Plan épargne retraite

Préparation de la retraite : faut-il privilégier l’assurance vie ou le PER individuel ?

Assurance vie ou nouveau Plan épargne retraite individuel (PERIN) : quel produit d’épargne privilégier pour préparer sa retraite ?

En phase d’épargne : liquidité de l’assurance vie contre avantage fiscal du PERIN

 Fiscalité

Alors que les versements effectués sur un contrat d’assurance vie n’ouvrent droit à aucun avantage fiscal à l’entrée, ceux effectués sur un PERIN sont déductibles des revenus imposables. En 2020, un salarié peut déduire ses versements de son revenu imposable dans la limite de 10% des revenus de l’année précédente et de 32 419 euros (pour 2020). Un TNS (travailleurs non-salariés) peut déduire ses versements des bénéfices imposables (BIC ou BNC) dans la limite de 76 102 euros pour les versements effectués en 2020. L’épargnant a le droit de choisir de ne pas bénéficier de l’avantage fiscal sur les versements. Dans ce cas, il aura un avantage fiscal à la sortie.

Liquidité

L’épargne versée sur un contrat d’assurance vie est disponible à moment. De plus, en cas de rachat, la fiscalité peut s’avérer avantageuse : pour les rachats effectués sur un contrat de plus de 8 ans, les gains sont exonérés d’impôt jusqu’à 4 600 euros pour un célibataire (9 200 euros pour un couple) et ne sont soumis qu’aux prélèvements sociaux (17,2%).
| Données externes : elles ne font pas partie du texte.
lemma integral_p_abs_primitive_kernel:
  shows "set_integrable lborel I (\<lambda>z. p z * \<bar>primitive_kernel c z t\<bar>)"
    and "(LINT z:I|lborel. p z * \<bar>primitive_kernel c z t\<bar>) \<le> kern I p c t / kappa"
proof -
  show "set_integrable lborel I (\<lambda>z. p z * \<bar>primitive_kernel c z t\<bar>)"
    using L2w_p_integrable[OF bounded_in_L2w[of _ 1]] by (simp add: abs_primitive_kernel_le)
  have "(LINT z:I|lborel. p z * \<bar>primitive_kernel c z t\<bar>) * kappa \<le> kern I p c t"
  proof (cases "c \<le> t")
    case True
    have "(LINT z:I|lborel. p z * \<bar>primitive_kernel c z t\<bar>) = (LINT z:{z\<in>I. t < z}|lborel. p z)"
      unfolding set_lebesgue_integral_def
      by (rule Bochner_Integration.integral_cong) (use True in \<open>auto simp: indicator_def primitive_kernel_def\<close>)
    moreover have "(1 - cdf I p t) * kappa \<le> (1 - cdf I p t) * cdf I p c"
      using cdf_le_1[of t] by (intro mult_left_mono) (auto simp: kappa_def)
    ultimately show ?thesis
      using True unfolding integral_p_greater kern_def by (simp add: min_def max_def mult.commute)
  next
    case False
    have "(LINT z:I|lborel. p z * \<bar>primitive_kernel c z t\<bar>) = cdf I p t"
      unfolding set_lebesgue_integral_def cdf_def
      by (rule Bochner_Integration.integral_cong) (use False in \<open>auto simp: indicator_def primitive_kernel_def\<close>)
    moreover have "cdf I p t * kappa \<le> cdf I p t * (1 - cdf I p c)"
      using cdf_nonneg[of t] by (intro mult_left_mono) (auto simp: kappa_def)
    ultimately show ?thesis
      using False unfolding kern_def by (simp add: min_def max_def)
  qed
  then show "(LINT z:I|lborel. p z * \<bar>primitive_kernel c z t\<bar>) \<le> kern I p c t / kappa"
    using kappa_pos by (simp add: field_simps)
qed


lemma integral_abs_fubini_integrand_le:
  assumes [measurable]: "f \<in> borel_measurable borel" "\<psi> \<in> borel_measurable borel"
    and bound: "\<And>z. z \<in> I \<Longrightarrow> \<bar>\<psi> z\<bar> \<le> N"
  shows "integrable lborel (\<lambda>z. fubini_integrand f \<psi> (t, z))"
    and "(LBINT z. \<bar>fubini_integrand f \<psi> (t, z)\<bar>) \<le> N / kappa * (indicator I t * (\<bar>f t\<bar> * kern I p c t))"
proof -
  have "0 \<le> N"
    using bound[OF c_in_I] by linarith
  define G where "G z = (\<bar>f t\<bar> * N) * (indicator I z *\<^sub>R (p z * \<bar>primitive_kernel c z t\<bar>))" for z
  have G_int: "integrable lborel G"
    unfolding G_def using integral_p_abs_primitive_kernel(1)[of t] unfolding set_integrable_def
    by (rule integrable_mult_right)
  have G_nonneg: "0 \<le> G z" for z
    using \<open>0 \<le> N\<close> p_nonneg[of z] by (cases "z \<in> I") (simp_all add: G_def)
  have F_le_G: "\<bar>fubini_integrand f \<psi> (t, z)\<bar> \<le> G z" for z
  proof (cases "t \<in> I \<and> z \<in> I")
    case True
    then have "\<bar>\<psi> z\<bar> * (p z * \<bar>primitive_kernel c z t\<bar>) \<le> N * (p z * \<bar>primitive_kernel c z t\<bar>)"
      using bound p_nonneg by (intro mult_right_mono) auto
    then have "\<bar>f t\<bar> * (\<bar>\<psi> z\<bar> * (p z * \<bar>primitive_kernel c z t\<bar>))
        \<le> \<bar>f t\<bar> * (N * (p z * \<bar>primitive_kernel c z t\<bar>))"
      by (rule mult_left_mono) simp
    moreover have "\<bar>fubini_integrand f \<psi> (t, z)\<bar> = \<bar>f t\<bar> * (\<bar>\<psi> z\<bar> * (p z * \<bar>primitive_kernel c z t\<bar>))"
      using True p_nonneg[of z] by (simp add: fubini_integrand_def abs_mult)
    moreover have "G z = \<bar>f t\<bar> * (N * (p z * \<bar>primitive_kernel c z t\<bar>))"
      using True by (simp add: G_def)
    ultimately show ?thesis
      by simp
  qed (use G_nonneg in \<open>auto simp: fubini_integrand_def\<close>)
  show "integrable lborel (\<lambda>z. fubini_integrand f \<psi> (t, z))"
  proof (rule Bochner_Integration.integrable_bound[OF G_int])
    show "AE z in lborel. norm (fubini_integrand f \<psi> (t, z)) \<le> norm (G z)"
      using F_le_G G_nonneg by (intro AE_I2) simp
  qed simp
  show "(LBINT z. \<bar>fubini_integrand f \<psi> (t, z)\<bar>) \<le> N / kappa * (indicator I t * (\<bar>f t\<bar> * kern I p c t))"
  proof (cases "t \<in> I")
    case True
    have "(LBINT z. \<bar>fubini_integrand f \<psi> (t, z)\<bar>) \<le> (LBINT z. G z)"
      using F_le_G G_int G_nonneg by (intro integral_mono') auto
    also have "\<dots> = \<bar>f t\<bar> * N * (LINT z:I|lborel. p z * \<bar>primitive_kernel c z t\<bar>)"
      unfolding G_def set_lebesgue_integral_def by (rule integral_mult_right_zero)
    also have "\<dots> \<le> \<bar>f t\<bar> * N * (kern I p c t / kappa)"
      using \<open>0 \<le> N\<close> by (intro mult_left_mono integral_p_abs_primitive_kernel(2)) auto
    finally show ?thesis
      using True by (simp add: ac_simps)
  qed (simp add: fubini_integrand_def)
qed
En revanche, côté PERIN, l’épargne est bloquée jusqu’au départ à la retraite. Il n’est possible de la débloquer que si vous êtes dans l’un des cas de sortie anticipée prévu par la loi, comme par exemple l’achat de la résidence principale, l’expiration des droits aux allocations chômage, l’invalidité, le décès de l’époux ou du partenaire de Pacs.

À la retraite : fiscalité de l’assurance vie

Une fois à la retraite, les deux solutions permettent de disposer de son épargne soit sous forme de capital, soit sous forme de rente viagère.

La sortie en capital

Côté assurance vie, la fiscalité est celle des rachats : pour un contrat de plus de 8 ans, les gains sont exonérés d’impôt jusqu’à 4 600 euros pour un célibataire (9 200 euros pour un couple) et se sont soumis qu’aux prélèvements sociaux (17,2%).

Côté PERIN, pour les versements qui ont donné lieu à déduction du revenu imposable pendant la phase d’épargne, le capital est soumis au barème progressif de l’impôt sur le revenu et les produits du capital sont soumis à la flat tax (30%).

La sortie en rente viagère

La rente viagère de l’assurance vie est soumise à l’impôt sur le revenu suivant le régime des rentes à titre onéreux : seulement une partie de la rente est soumise à l’impôt. Cette partie est variable selon l’âge du rentier au moment du premier versement de la rente. Ainsi, à la date du premier versement, la fraction imposable est de :

  • 70% avant 50 ans,
  • 50% entre 50 et 59 ans,
  • 40% entre 60 et 69 ans,
  • 30% après 69 ans.

 

Côté PERIN, pour les versements qui ont donné lieu à déduction des revenus imposables, la rente viagère sera soumise à l’impôt sur le revenu selon le régime des rentes à titre gratuit : la rente est imposable selon le régime de droit commun des pensions de retraite, avec l’application d’un abattement forfaitaire de 10%.